**Listed records:**
Segment Open

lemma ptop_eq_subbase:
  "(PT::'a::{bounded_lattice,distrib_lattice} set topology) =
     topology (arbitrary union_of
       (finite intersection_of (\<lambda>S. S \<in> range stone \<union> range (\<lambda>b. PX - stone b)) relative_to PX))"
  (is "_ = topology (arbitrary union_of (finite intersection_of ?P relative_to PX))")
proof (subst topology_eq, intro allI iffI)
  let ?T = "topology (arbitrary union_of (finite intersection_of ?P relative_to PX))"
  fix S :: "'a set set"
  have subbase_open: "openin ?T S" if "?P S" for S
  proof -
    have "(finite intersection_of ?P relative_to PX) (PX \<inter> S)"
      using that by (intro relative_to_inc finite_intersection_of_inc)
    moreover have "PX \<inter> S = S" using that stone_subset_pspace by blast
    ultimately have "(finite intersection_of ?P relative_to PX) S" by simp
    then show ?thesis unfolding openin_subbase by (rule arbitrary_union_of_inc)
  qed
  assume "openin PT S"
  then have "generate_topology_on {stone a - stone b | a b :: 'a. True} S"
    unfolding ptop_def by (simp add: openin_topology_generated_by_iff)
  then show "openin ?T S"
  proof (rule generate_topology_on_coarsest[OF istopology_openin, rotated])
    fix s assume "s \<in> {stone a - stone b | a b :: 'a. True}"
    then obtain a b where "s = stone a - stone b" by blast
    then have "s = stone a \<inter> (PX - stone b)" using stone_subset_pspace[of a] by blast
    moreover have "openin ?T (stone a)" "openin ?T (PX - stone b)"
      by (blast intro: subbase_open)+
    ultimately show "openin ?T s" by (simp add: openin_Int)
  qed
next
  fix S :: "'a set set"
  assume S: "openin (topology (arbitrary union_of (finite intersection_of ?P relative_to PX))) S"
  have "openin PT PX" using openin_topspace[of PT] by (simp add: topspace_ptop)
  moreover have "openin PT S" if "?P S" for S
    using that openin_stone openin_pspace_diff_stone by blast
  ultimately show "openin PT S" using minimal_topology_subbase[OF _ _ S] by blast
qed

Segment Closed
Segment Open

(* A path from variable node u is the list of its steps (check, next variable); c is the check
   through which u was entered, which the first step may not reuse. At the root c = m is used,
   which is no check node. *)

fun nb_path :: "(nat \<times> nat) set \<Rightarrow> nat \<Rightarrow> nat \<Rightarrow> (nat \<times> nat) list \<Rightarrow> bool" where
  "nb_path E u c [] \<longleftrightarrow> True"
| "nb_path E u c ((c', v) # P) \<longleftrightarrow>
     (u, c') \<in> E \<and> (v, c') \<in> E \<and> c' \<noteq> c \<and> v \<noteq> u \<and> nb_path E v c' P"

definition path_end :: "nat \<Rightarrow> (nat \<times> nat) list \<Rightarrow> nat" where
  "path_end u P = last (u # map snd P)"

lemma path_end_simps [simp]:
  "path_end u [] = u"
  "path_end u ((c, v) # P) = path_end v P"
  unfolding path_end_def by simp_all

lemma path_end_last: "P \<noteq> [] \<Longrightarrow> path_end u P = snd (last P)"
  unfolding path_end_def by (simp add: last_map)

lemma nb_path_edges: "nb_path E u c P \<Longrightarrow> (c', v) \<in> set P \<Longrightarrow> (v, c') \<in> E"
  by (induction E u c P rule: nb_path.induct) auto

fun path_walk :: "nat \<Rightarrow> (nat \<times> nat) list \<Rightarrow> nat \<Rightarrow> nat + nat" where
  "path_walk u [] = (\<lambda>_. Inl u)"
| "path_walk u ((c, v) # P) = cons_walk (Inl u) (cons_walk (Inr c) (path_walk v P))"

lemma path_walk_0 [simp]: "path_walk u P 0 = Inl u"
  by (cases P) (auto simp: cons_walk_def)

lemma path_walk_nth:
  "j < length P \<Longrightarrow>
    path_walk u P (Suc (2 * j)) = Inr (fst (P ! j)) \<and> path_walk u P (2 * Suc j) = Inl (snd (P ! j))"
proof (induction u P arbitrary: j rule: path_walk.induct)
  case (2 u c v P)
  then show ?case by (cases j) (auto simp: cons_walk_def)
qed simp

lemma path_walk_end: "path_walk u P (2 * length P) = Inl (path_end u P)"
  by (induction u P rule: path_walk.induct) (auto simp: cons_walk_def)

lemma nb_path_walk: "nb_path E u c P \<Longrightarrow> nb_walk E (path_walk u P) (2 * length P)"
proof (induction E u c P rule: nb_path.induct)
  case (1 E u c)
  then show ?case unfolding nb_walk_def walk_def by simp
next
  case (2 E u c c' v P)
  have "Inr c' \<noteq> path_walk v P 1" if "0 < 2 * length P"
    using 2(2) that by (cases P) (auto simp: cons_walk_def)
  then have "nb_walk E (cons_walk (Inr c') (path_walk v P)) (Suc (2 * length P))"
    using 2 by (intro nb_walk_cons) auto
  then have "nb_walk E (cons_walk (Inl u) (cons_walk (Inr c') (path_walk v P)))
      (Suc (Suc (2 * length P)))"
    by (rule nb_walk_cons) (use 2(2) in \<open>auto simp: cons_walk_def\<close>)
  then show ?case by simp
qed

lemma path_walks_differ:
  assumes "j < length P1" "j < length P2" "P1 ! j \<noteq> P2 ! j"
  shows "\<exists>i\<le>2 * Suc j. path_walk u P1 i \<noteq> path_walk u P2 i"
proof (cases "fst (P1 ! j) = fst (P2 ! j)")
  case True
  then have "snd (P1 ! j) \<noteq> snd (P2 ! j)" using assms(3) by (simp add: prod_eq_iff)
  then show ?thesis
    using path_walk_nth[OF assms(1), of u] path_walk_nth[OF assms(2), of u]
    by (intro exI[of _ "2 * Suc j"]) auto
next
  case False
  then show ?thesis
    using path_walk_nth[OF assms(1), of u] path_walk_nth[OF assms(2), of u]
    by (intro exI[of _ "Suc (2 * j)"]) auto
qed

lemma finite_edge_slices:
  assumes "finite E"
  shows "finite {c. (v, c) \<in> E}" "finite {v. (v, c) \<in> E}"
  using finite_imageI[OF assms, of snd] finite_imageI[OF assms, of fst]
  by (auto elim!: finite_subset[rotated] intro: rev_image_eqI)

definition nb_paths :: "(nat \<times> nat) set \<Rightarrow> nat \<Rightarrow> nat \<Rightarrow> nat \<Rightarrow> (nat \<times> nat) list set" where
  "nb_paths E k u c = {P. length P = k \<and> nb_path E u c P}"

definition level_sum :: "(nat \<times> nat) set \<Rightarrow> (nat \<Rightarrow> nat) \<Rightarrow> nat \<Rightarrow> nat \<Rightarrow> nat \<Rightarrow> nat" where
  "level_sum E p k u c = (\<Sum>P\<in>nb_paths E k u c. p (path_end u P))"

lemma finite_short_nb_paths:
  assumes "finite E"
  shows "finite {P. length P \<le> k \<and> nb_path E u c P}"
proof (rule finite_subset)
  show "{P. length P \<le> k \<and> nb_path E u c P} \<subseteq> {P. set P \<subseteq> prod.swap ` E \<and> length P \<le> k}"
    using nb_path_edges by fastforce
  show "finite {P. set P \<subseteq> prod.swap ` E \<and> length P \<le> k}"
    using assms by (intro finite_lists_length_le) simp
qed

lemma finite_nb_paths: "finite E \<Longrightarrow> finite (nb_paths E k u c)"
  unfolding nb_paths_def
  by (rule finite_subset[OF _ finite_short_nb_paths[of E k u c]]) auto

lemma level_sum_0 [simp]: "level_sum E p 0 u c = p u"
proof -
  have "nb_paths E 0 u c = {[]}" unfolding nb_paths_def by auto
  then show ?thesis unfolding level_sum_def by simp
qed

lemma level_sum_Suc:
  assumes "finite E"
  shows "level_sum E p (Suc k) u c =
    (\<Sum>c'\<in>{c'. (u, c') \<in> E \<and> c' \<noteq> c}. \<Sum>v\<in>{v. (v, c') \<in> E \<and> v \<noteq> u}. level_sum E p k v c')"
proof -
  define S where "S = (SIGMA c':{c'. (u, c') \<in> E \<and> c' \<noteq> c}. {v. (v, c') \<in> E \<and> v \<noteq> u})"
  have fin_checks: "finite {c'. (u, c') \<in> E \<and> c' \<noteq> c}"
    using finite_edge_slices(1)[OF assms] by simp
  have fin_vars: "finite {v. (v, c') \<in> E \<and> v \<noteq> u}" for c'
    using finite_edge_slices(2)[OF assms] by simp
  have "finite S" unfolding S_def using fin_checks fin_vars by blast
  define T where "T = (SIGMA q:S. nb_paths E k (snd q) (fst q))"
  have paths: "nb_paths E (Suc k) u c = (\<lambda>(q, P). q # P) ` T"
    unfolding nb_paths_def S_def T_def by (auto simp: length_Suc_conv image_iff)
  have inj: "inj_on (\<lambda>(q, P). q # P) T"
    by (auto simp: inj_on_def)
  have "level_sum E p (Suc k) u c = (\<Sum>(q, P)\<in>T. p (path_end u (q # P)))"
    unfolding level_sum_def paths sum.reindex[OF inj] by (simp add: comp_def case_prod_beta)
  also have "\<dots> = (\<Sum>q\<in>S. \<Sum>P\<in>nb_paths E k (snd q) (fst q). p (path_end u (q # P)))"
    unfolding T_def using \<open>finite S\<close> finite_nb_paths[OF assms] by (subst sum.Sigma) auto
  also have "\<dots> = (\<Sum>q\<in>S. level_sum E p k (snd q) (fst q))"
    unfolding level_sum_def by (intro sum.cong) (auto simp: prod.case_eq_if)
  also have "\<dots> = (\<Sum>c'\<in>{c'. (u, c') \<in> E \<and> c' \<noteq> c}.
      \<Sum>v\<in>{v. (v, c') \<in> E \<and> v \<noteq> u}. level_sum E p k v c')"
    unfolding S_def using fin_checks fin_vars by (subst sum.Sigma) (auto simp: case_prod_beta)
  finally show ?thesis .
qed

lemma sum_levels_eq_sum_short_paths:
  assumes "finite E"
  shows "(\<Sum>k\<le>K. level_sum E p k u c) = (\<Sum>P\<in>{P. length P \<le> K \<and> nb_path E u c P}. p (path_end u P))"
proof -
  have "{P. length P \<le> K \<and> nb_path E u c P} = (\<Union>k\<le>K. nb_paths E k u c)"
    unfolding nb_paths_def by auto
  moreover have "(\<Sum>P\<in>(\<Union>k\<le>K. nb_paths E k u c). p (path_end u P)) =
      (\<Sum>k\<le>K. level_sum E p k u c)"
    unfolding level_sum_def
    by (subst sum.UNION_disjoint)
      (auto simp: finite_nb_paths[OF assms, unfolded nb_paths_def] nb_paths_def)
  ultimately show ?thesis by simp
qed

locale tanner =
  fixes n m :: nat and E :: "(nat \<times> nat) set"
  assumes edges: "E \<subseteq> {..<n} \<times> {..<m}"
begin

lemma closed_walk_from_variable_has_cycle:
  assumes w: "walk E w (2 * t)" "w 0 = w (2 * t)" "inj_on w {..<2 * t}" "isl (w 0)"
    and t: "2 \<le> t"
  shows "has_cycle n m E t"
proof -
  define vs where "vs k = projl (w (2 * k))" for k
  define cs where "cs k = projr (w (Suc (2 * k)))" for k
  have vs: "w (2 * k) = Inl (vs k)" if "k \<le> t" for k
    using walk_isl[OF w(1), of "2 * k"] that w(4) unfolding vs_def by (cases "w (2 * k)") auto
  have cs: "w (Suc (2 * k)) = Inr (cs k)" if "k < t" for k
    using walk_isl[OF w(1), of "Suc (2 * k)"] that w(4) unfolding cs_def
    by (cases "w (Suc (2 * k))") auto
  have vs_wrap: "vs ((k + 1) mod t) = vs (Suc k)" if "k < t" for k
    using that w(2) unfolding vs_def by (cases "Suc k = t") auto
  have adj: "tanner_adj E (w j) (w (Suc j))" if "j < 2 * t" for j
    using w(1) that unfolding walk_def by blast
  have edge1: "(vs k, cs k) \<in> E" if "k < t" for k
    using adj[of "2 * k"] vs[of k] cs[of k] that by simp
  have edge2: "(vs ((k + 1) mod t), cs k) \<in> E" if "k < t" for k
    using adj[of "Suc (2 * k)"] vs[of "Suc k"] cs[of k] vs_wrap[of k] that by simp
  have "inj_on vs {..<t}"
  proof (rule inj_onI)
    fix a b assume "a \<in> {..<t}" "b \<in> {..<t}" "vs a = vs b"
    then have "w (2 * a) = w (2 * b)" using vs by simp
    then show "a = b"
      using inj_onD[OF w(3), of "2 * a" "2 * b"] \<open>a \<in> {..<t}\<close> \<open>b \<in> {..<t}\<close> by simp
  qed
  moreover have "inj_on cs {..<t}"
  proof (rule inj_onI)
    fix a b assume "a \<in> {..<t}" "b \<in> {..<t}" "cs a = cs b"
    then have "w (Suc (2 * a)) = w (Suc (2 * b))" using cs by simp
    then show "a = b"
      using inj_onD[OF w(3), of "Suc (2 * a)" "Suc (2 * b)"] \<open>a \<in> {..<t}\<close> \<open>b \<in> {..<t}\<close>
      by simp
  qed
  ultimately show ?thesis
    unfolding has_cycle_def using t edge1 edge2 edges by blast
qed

Segment Closed

**Your objective:**
Could you write out, exactly as they stand, only the lines above that begin at the line with "ultimately show ?thesis by simp" and stop after the line with "k) = Inl (vs"?

**Final answer:**
  ultimately show ?thesis by simp
qed

locale tanner =
  fixes n m :: nat and E :: "(nat \<times> nat) set"
  assumes edges: "E \<subseteq> {..<n} \<times> {..<m}"
begin

lemma closed_walk_from_variable_has_cycle:
  assumes w: "walk E w (2 * t)" "w 0 = w (2 * t)" "inj_on w {..<2 * t}" "isl (w 0)"
    and t: "2 \<le> t"
  shows "has_cycle n m E t"
proof -
  define vs where "vs k = projl (w (2 * k))" for k
  define cs where "cs k = projr (w (Suc (2 * k)))" for k
  have vs: "w (2 * k) = Inl (vs k)" if "k \<le> t" for k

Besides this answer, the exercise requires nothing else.